* [Data]
※
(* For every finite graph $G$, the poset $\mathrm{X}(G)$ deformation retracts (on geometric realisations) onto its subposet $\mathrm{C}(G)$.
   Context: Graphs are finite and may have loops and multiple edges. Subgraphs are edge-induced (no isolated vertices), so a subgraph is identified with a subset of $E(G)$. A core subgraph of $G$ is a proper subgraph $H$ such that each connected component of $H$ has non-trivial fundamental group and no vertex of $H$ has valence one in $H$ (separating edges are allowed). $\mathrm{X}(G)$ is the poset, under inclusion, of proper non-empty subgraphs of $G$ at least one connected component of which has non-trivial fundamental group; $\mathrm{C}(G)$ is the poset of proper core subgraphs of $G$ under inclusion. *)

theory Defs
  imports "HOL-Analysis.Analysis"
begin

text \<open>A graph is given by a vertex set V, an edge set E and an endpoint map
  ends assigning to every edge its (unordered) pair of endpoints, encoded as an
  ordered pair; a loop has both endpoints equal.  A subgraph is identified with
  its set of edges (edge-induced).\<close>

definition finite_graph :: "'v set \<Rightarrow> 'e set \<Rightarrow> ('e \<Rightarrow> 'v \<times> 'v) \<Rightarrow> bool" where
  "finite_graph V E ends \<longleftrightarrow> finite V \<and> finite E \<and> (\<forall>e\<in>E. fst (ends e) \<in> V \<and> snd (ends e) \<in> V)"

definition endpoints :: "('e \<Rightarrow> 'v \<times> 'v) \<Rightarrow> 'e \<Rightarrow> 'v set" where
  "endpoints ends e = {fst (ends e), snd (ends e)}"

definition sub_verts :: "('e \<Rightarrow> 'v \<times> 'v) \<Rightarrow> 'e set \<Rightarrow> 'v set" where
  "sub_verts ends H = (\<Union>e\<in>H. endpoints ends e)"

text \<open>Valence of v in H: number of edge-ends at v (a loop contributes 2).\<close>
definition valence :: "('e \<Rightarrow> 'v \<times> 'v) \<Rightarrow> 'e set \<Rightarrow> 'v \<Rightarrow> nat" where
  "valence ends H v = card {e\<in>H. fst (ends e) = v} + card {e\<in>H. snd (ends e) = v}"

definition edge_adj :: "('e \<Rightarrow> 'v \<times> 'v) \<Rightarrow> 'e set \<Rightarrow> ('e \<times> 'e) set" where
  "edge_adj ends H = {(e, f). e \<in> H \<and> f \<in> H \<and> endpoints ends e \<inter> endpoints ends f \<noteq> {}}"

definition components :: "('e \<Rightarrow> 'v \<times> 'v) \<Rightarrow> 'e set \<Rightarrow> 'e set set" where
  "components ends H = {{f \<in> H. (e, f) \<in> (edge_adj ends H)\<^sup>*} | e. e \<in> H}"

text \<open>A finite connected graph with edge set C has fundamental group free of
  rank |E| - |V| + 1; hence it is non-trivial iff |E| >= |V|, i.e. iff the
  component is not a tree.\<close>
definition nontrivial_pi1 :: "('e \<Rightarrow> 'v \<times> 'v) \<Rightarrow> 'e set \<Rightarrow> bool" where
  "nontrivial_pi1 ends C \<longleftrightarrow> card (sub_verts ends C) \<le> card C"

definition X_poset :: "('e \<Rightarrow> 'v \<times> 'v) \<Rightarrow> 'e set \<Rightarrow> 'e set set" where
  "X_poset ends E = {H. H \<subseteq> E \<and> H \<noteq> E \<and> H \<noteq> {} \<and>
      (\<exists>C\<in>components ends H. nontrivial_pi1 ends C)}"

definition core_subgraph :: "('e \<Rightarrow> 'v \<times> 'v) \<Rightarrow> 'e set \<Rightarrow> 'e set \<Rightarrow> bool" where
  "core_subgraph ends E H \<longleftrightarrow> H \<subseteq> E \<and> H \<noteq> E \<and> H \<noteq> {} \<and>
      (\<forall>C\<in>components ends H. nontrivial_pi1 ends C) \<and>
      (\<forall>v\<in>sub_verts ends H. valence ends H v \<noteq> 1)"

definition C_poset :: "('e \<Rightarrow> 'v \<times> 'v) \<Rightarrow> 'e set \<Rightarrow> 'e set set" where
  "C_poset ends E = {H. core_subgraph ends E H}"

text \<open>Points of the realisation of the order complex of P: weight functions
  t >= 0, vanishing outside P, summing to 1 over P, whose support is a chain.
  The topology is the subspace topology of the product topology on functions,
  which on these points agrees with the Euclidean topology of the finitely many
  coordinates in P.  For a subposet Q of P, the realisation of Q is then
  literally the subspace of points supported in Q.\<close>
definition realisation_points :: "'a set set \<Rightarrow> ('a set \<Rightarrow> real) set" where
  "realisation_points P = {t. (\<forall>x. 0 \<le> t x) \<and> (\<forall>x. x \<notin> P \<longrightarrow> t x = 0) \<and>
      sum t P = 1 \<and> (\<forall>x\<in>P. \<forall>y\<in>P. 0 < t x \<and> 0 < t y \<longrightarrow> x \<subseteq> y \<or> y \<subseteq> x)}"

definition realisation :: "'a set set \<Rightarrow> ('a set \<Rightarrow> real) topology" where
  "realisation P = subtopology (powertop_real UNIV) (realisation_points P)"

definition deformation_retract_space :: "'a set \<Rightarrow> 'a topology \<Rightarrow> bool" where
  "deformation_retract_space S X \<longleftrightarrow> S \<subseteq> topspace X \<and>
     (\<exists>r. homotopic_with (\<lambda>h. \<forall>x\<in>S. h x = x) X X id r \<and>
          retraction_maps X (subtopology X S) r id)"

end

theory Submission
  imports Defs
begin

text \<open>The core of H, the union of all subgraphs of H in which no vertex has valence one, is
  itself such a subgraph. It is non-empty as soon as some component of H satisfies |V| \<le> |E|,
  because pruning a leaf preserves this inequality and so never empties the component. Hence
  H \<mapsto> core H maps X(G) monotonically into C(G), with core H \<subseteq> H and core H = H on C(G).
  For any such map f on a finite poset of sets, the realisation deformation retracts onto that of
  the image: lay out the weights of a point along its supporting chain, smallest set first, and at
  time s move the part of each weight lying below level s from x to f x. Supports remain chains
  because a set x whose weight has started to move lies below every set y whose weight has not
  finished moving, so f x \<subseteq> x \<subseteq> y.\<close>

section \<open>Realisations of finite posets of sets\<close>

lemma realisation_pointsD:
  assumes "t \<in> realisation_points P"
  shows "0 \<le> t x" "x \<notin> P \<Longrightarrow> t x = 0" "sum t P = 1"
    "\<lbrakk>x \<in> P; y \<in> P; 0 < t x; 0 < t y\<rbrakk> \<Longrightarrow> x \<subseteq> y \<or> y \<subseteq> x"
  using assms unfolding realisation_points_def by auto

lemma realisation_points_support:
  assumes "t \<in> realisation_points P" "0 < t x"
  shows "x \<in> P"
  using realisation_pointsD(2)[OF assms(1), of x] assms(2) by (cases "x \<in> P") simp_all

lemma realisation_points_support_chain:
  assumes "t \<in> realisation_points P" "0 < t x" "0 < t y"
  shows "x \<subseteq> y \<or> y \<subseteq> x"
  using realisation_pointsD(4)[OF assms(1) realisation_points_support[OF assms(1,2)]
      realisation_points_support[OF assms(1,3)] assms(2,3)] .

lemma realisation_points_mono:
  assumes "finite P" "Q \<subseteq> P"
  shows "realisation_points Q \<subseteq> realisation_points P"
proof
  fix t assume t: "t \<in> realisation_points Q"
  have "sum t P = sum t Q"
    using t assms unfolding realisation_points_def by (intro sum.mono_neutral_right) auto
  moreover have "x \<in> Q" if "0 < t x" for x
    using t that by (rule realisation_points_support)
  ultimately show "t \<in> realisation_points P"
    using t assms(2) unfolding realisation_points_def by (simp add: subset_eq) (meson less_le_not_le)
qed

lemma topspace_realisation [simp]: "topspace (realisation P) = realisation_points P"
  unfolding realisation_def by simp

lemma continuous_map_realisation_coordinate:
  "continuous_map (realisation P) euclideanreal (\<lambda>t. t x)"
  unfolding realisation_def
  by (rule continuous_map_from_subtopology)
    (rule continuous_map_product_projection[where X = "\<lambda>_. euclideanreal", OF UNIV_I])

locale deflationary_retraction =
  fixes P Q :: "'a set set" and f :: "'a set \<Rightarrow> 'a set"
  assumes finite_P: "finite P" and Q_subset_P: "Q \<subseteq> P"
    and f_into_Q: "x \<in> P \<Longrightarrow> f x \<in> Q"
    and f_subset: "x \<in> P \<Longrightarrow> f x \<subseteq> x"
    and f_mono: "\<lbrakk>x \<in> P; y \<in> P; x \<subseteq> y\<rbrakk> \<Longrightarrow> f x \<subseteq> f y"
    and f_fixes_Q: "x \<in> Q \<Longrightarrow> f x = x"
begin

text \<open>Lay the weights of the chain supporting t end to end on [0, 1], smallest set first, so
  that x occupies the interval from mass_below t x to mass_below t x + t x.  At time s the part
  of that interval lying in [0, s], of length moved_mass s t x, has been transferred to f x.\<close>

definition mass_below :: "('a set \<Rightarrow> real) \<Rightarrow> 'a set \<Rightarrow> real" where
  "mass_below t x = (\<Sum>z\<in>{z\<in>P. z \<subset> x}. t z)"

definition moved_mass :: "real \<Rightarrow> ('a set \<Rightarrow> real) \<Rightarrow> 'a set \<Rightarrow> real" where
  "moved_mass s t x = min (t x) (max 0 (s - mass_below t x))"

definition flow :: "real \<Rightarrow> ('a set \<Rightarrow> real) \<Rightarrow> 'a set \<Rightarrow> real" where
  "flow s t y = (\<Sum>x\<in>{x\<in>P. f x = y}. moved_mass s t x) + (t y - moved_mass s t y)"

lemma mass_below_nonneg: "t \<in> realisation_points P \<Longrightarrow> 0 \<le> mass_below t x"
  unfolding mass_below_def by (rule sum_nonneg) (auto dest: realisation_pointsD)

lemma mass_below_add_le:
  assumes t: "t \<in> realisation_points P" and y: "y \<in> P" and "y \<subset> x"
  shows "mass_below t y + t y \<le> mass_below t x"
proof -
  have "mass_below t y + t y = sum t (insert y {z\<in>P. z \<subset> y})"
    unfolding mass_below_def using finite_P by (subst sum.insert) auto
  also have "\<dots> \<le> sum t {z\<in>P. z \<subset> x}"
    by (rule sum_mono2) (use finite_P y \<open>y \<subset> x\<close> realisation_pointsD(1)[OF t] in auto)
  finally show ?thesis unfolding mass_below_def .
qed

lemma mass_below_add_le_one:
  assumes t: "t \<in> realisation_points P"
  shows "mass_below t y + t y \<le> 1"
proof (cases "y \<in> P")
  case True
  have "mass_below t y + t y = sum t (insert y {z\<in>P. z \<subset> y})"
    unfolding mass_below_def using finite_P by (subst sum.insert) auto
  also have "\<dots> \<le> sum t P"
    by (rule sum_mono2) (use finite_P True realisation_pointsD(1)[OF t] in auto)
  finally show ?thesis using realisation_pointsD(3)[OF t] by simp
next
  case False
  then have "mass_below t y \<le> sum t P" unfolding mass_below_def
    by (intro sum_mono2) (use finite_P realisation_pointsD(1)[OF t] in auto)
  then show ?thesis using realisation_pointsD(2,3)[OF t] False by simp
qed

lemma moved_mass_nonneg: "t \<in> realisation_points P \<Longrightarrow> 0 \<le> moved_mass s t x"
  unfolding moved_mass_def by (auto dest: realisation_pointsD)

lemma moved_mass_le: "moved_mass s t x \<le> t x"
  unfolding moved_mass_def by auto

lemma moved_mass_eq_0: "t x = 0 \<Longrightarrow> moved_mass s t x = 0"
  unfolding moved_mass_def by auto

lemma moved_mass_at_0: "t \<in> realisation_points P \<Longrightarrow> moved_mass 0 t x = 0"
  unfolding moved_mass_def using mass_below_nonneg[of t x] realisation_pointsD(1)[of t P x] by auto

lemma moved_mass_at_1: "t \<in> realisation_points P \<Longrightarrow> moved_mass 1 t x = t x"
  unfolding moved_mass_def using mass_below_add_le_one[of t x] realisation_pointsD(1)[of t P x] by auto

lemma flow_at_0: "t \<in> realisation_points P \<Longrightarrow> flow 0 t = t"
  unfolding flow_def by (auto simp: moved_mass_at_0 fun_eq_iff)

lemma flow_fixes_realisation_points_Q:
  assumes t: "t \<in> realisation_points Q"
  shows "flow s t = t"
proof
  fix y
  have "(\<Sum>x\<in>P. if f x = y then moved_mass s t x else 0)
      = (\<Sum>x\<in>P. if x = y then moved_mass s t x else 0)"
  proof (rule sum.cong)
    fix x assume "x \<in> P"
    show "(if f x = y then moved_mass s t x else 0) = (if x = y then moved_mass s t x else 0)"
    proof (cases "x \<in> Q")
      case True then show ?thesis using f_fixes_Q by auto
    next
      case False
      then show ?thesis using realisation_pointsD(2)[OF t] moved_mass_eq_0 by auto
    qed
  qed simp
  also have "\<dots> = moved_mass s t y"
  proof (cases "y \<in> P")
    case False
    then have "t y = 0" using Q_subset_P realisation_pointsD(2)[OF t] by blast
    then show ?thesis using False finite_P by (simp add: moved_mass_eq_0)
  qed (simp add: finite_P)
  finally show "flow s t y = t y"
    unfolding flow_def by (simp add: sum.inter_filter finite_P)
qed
※
* [What is expected] Each line in the data that holds the string "connected" should be found and copied.

* [The answer]
   Context: Graphs are finite and may have loops and multiple edges. Subgraphs are edge-induced (no isolated vertices), so a subgraph is identified with a subset of $E(G)$. A core subgraph of $G$ is a proper subgraph $H$ such that each connected component of $H$ has non-trivial fundamental group and no vertex of $H$ has valence one in $H$ (separating edges are allowed). $\mathrm{X}(G)$ is the poset, under inclusion, of proper non-empty subgraphs of $G$ at least one connected component of which has non-trivial fundamental group; $\mathrm{C}(G)$ is the poset of proper core subgraphs of $G$ under inclusion. *)
text \<open>A finite connected graph with edge set C has fundamental group free of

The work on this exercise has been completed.